(* Let $T:\mathbb{R}^{M}\times\cdots\times\mathbb{R}^{M}\to\mathbb{R}^D$ ($N$ factors) be a real $N$-linear map with coefficients $T_{i,s}$, $i\in\{1,\dots,D\}$, $s\in\{1,\dots,M\}^N$, which is norm-preserving: $\big\|T(a^{(1)},\dots,a^{(N)})\big\|=\prod_{k=1}^N\|a^{(k)}\|$ for all $a^{(k)}\in\mathbb{R}^M$, where $T(a^{(1)},\dots,a^{(N)})_i=\sum_s T_{i,s}\prod_k a^{(k)}_{s_k}$ and $\|\cdot\|$ is the Euclidean norm. Let $\rho$ be a density operator on $\mathcal{H}_1\otimes\cdots\otimes\mathcal{H}_N$ which has positive partial transpose with respect to all bipartitions, i.e. $\rho^{T_\tau}\ge 0$ for every subset $\tau\subseteq\{1,\dots,N\}$. Then for all Hermitian operators $A^{(k)}_j$ on $\mathcal{H}_k$ ($k=1,\dots,N$, $j=1,\dots,M$), $$\sum_{i=1}^D\Big(\sum_{s}T_{i,s}\,\mathrm{tr}\big[\rho\,A^{(1)}_{s_1}\otimes\cdots\otimes A^{(N)}_{s_N}\big]\Big)^2\le\sum_{s}\mathrm{tr}\big[\rho\,(A^{(1)}_{s_1})^2\otimes\cdots\otimes(A^{(N)}_{s_N})^2\big].$$
   Context: $\mathcal{H}_1,\dots,\mathcal{H}_N$ are finite-dimensional complex Hilbert spaces, each with a fixed orthonormal basis; for $\tau\subseteq\{1,\dots,N\}$, $\rho^{T_\tau}$ denotes the partial transpose of $\rho$ with respect to the tensor factors in $\tau$ (in these bases). A density operator is a positive semidefinite operator of trace one. *)

theory Defs
  imports Complex_Main "HOL-Library.FuncSet"
begin
(* Let $P$ be a program which is safe w.r.t. a mode $M$ and satisfies $M$, and whose non-unit clauses are pairwise mutually exclusive w.r.t. $M$. Then for any non-basic atom $A_0$ which satisfies $M$ and any basic goal $G_0$, there exists at most one goal $(A_1,G_1)$ such that $A_1$ is a non-basic atom and $(A_0,G_0)\Rightarrow_P(A_1,G_1)$.
   Context: Syntax. Predicate symbols $\mathit{true}$, $=$, $\neq$ are basic, all others non-basic; the set of function symbols is infinite. Basic atoms: $\mathit{true}$, $t_1=t_2$, $t_1\neq t_2$ (disequation); non-basic atoms $p(t_1,\dots,t_m)$, $p$ non-basic. A goal is a conjunction of atoms ("," associative, neutral element $\mathit{true}$); it is basic if all its atoms are basic. A clause $C$ is $A\leftarrow G$ with non-basic head $hd(C)$ and body $bd(C)$; it is a unit clause iff its body is basic. A program is a set of clauses. All mgu's are relevant and idempotent. A variable $X$ is a local variable of goal $G$ in clause $H\leftarrow G_1,G,G_2$ iff $X\in vars(G)-vars(H,G_1,G_2)$. Operational semantics (program $P$): (1) $(t_1=t_2,G)\longmapsto_P G\vartheta$ if $t_1,t_2$ unify with mgu $\vartheta$; (2) $(t_1\neq t_2,G)\longmapsto_P G$ if not unifiable; (3) $(A,G)\longmapsto_P(bd(C),G)\vartheta$ if $A$ is non-basic, $C$ a renamed apart clause of $P$ and $\vartheta$ an mgu of $A$ and $hd(C)$ (a step using $C$). $\longmapsto^*_P$ is the reflexive-transitive closure. For $C\in P$ and $A_0$ non-basic, $(A_0,G_0)\Rightarrow_C(A_n,G_n)$ iff there is a derivation $(A_0,G_0)\longmapsto_P\cdots\longmapsto_P(A_n,G_n)$ with $n>0$ whose first step uses $C$, with $A_i$ basic for $0<i<n$, and either $A_n$ non-basic or $(A_n,G_n)=\mathit{true}$. $(A_0,G_0)\Rightarrow_P G'$ iff $(A_0,G_0)\Rightarrow_C G'$ for some $C\in P$. Modes. A mode for non-basic $p$ of arity $h$ is $p(m_1,\dots,m_h)$, $m_i\in\{+,?\}$; $t_i$ is an input argument iff $m_i=+$; variables in input arguments are input variables. A mode for a program contains exactly one mode per non-basic predicate occurring in it. An atom satisfies $M$ iff $M$ has a mode for its predicate and its input arguments are ground. $P$ satisfies $M$ iff for every non-basic $A_0$ satisfying $M$ and every non-basic $A$ and goal $G$ with $A_0\longmapsto^*_P(A,G)$, $A$ satisfies $M$. A clause $C$ is safe w.r.t. $M$ iff every variable of every disequation in $bd(C)$ is an input variable of $hd(C)$ or a local variable of that disequation in $C$; a program is safe iff all its clauses are. Satisfiability. A ground basic goal holds iff each atom is $\mathit{true}$, $t=t$, or $t_1\neq t_2$ with $t_1,t_2$ distinct ground terms. A conjunction $D$ of disequations is satisfiable w.r.t. a set $V$ of variables iff there is a ground substitution $\sigma$ with domain $V$ such that every ground instance of $D\sigma$ holds. Guard. $grd(C)=bd(C)$ if all atoms of $bd(C)$ are disequations; otherwise it is the conjunction of disequations of $bd(C)$ to the left of the leftmost atom that is not a disequation. Mutual exclusion. For renamed apart clauses $C_1: p(t_1,u_1)\leftarrow G_1$ and $C_2: p(t_2,u_2)\leftarrow G_2$, where $t_1,t_2$ are the tuples of input arguments of $p$ under $M$ and $u_1,u_2$ the remaining arguments, $C_1,C_2$ are mutually exclusive w.r.t. $M$ iff either $t_1,t_2$ are not unifiable, or they are unifiable via an mgu $\vartheta$ and $(grd(C_1),grd(C_2))\vartheta$ is not satisfiable w.r.t. $vars(t_1,t_2)$ (empty tuples unify via the identity). *)

theory Defs
  imports Main
begin

datatype ('f,'v) trm = Var 'v | Fn 'f "('f,'v) trm list"

fun vars_trm :: "('f,'v) trm \<Rightarrow> 'v set" where
  "vars_trm (Var x) = {x}"
| "vars_trm (Fn f ts) = (\<Union>t\<in>set ts. vars_trm t)"

type_synonym ('f,'v) subst = "'v \<Rightarrow> ('f,'v) trm"

fun subst_trm :: "('f,'v) subst \<Rightarrow> ('f,'v) trm \<Rightarrow> ('f,'v) trm" where
  "subst_trm \<sigma> (Var x) = \<sigma> x"
| "subst_trm \<sigma> (Fn f ts) = Fn f (map (subst_trm \<sigma>) ts)"

definition ground_trm :: "('f,'v) trm \<Rightarrow> bool" where
  "ground_trm t \<longleftrightarrow> vars_trm t = {}"

definition vars_trms :: "('f,'v) trm list \<Rightarrow> 'v set" where
  "vars_trms ts = (\<Union>t\<in>set ts. vars_trm t)"

text \<open>Atoms. The basic atom true is the neutral element of conjunction and is
  represented by the empty goal (goals are lists of the remaining atoms).\<close>
datatype ('p,'f,'v) atm =
    Eq "('f,'v) trm" "('f,'v) trm"
  | Neq "('f,'v) trm" "('f,'v) trm"
  | Pred 'p "('f,'v) trm list"

type_synonym ('p,'f,'v) goal = "('p,'f,'v) atm list"

fun basic_atm :: "('p,'f,'v) atm \<Rightarrow> bool" where
  "basic_atm (Eq s t) = True"
| "basic_atm (Neq s t) = True"
| "basic_atm (Pred p ts) = False"

fun is_neq :: "('p,'f,'v) atm \<Rightarrow> bool" where
  "is_neq (Neq s t) = True"
| "is_neq _ = False"

fun vars_atm :: "('p,'f,'v) atm \<Rightarrow> 'v set" where
  "vars_atm (Eq s t) = vars_trm s \<union> vars_trm t"
| "vars_atm (Neq s t) = vars_trm s \<union> vars_trm t"
| "vars_atm (Pred p ts) = vars_trms ts"

fun subst_atm :: "('f,'v) subst \<Rightarrow> ('p,'f,'v) atm \<Rightarrow> ('p,'f,'v) atm" where
  "subst_atm \<sigma> (Eq s t) = Eq (subst_trm \<sigma> s) (subst_trm \<sigma> t)"
| "subst_atm \<sigma> (Neq s t) = Neq (subst_trm \<sigma> s) (subst_trm \<sigma> t)"
| "subst_atm \<sigma> (Pred p ts) = Pred p (map (subst_trm \<sigma>) ts)"

definition vars_goal :: "('p,'f,'v) goal \<Rightarrow> 'v set" where
  "vars_goal G = (\<Union>A\<in>set G. vars_atm A)"

definition subst_goal :: "('f,'v) subst \<Rightarrow> ('p,'f,'v) goal \<Rightarrow> ('p,'f,'v) goal" where
  "subst_goal \<sigma> G = map (subst_atm \<sigma>) G"

definition basic_goal :: "('p,'f,'v) goal \<Rightarrow> bool" where
  "basic_goal G \<longleftrightarrow> (\<forall>A\<in>set G. basic_atm A)"

definition ground_goal :: "('p,'f,'v) goal \<Rightarrow> bool" where
  "ground_goal G \<longleftrightarrow> vars_goal G = {}"

datatype ('p,'f,'v) clause = Clause 'p "('f,'v) trm list" "('p,'f,'v) goal"

fun cl_head :: "('p,'f,'v) clause \<Rightarrow> ('p,'f,'v) atm" where
  "cl_head (Clause p ts B) = Pred p ts"

fun cl_body :: "('p,'f,'v) clause \<Rightarrow> ('p,'f,'v) goal" where
  "cl_body (Clause p ts B) = B"

definition vars_cl :: "('p,'f,'v) clause \<Rightarrow> 'v set" where
  "vars_cl C = vars_atm (cl_head C) \<union> vars_goal (cl_body C)"

fun subst_cl :: "('f,'v) subst \<Rightarrow> ('p,'f,'v) clause \<Rightarrow> ('p,'f,'v) clause" where
  "subst_cl \<sigma> (Clause p ts B) = Clause p (map (subst_trm \<sigma>) ts) (subst_goal \<sigma> B)"

definition unit_clause :: "('p,'f,'v) clause \<Rightarrow> bool" where
  "unit_clause C \<longleftrightarrow> basic_goal (cl_body C)"

definition subst_dom :: "('f,'v) subst \<Rightarrow> 'v set" where
  "subst_dom \<sigma> = {x. \<sigma> x \<noteq> Var x}"

definition subst_range_vars :: "('f,'v) subst \<Rightarrow> 'v set" where
  "subst_range_vars \<sigma> = (\<Union>x\<in>subst_dom \<sigma>. vars_trm (\<sigma> x))"

definition unifiable_list :: "('f,'v) trm list \<Rightarrow> ('f,'v) trm list \<Rightarrow> bool" where
  "unifiable_list ss ts \<longleftrightarrow> length ss = length ts \<and>
     (\<exists>\<sigma>. map (subst_trm \<sigma>) ss = map (subst_trm \<sigma>) ts)"

definition is_mgu_list :: "('f,'v) subst \<Rightarrow> ('f,'v) trm list \<Rightarrow> ('f,'v) trm list \<Rightarrow> bool" where
  "is_mgu_list \<theta> ss ts \<longleftrightarrow> length ss = length ts
     \<and> map (subst_trm \<theta>) ss = map (subst_trm \<theta>) ts
     \<and> (\<forall>\<sigma>. map (subst_trm \<sigma>) ss = map (subst_trm \<sigma>) ts \<longrightarrow>
            (\<exists>\<tau>. \<forall>x. \<sigma> x = subst_trm \<tau> (\<theta> x)))
     \<and> (\<forall>x. subst_trm \<theta> (\<theta> x) = \<theta> x)
     \<and> subst_dom \<theta> \<union> subst_range_vars \<theta> \<subseteq> vars_trms ss \<union> vars_trms ts"

fun is_mgu_atm :: "('f,'v) subst \<Rightarrow> ('p,'f,'v) atm \<Rightarrow> ('p,'f,'v) atm \<Rightarrow> bool" where
  "is_mgu_atm \<theta> (Pred p ts) (Pred q us) \<longleftrightarrow> p = q \<and> is_mgu_list \<theta> ts us"
| "is_mgu_atm \<theta> _ _ \<longleftrightarrow> False"

definition variant_cl :: "('p,'f,'v) clause \<Rightarrow> ('p,'f,'v) clause \<Rightarrow> bool" where
  "variant_cl C' C \<longleftrightarrow> (\<exists>\<pi>. bij \<pi> \<and> C' = subst_cl (\<lambda>x. Var (\<pi> x)) C)"

definition variant_goal :: "('p,'f,'v) goal \<Rightarrow> ('p,'f,'v) goal \<Rightarrow> bool" where
  "variant_goal G' G \<longleftrightarrow> (\<exists>\<pi>. bij \<pi> \<and> G' = subst_goal (\<lambda>x. Var (\<pi> x)) G)"

definition basic_step :: "('p,'f,'v) goal \<Rightarrow> ('p,'f,'v) goal \<Rightarrow> bool" where
  "basic_step g g' \<longleftrightarrow>
     (\<exists>t1 t2 G \<theta>. g = Eq t1 t2 # G \<and> is_mgu_list \<theta> [t1] [t2] \<and> g' = subst_goal \<theta> G)
   \<or> (\<exists>t1 t2. g = Neq t1 t2 # g' \<and> \<not> unifiable_list [t1] [t2])"

definition clause_step :: "('p,'f,'v) clause \<Rightarrow> ('p,'f,'v) goal \<Rightarrow> ('p,'f,'v) goal \<Rightarrow> bool" where
  "clause_step C g g' \<longleftrightarrow>
     (\<exists>A G C' \<theta>. g = A # G \<and> \<not> basic_atm A \<and> variant_cl C' C
        \<and> vars_cl C' \<inter> vars_goal g = {}
        \<and> is_mgu_atm \<theta> A (cl_head C')
        \<and> g' = subst_goal \<theta> (cl_body C' @ G))"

## WORK ORDER
From the records above, copy every line that includes the word "imports".

## EXERCISE OUTPUT
  imports Complex_Main "HOL-Library.FuncSet"
  imports Main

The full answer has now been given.